*Work instruction*
Show, in full, each line of the data that contains "then".
#### Source information ####
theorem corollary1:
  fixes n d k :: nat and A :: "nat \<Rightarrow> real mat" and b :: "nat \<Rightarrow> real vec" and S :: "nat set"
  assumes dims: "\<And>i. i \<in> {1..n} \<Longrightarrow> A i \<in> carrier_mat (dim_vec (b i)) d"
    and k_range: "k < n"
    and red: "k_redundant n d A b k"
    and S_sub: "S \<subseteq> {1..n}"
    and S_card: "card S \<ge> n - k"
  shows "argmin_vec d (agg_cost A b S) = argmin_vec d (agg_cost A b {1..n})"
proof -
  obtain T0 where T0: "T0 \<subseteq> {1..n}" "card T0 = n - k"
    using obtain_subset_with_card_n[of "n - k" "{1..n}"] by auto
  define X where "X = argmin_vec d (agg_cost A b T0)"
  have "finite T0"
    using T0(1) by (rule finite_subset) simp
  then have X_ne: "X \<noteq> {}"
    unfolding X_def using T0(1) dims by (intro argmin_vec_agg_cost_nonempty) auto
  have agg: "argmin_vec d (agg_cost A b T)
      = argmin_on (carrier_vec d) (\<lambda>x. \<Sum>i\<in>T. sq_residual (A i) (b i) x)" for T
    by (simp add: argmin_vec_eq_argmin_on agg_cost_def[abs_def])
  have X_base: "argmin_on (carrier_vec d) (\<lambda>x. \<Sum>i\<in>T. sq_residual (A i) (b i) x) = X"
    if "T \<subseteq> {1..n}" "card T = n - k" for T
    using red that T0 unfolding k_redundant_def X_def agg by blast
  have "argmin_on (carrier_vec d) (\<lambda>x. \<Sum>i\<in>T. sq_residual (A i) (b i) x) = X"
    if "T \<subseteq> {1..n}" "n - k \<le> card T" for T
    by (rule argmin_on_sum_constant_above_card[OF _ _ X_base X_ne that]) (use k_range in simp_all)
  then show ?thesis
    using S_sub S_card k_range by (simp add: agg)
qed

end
####
*Result of the task*
  then have X_ne: "X \<noteq> {}"
  then show ?thesis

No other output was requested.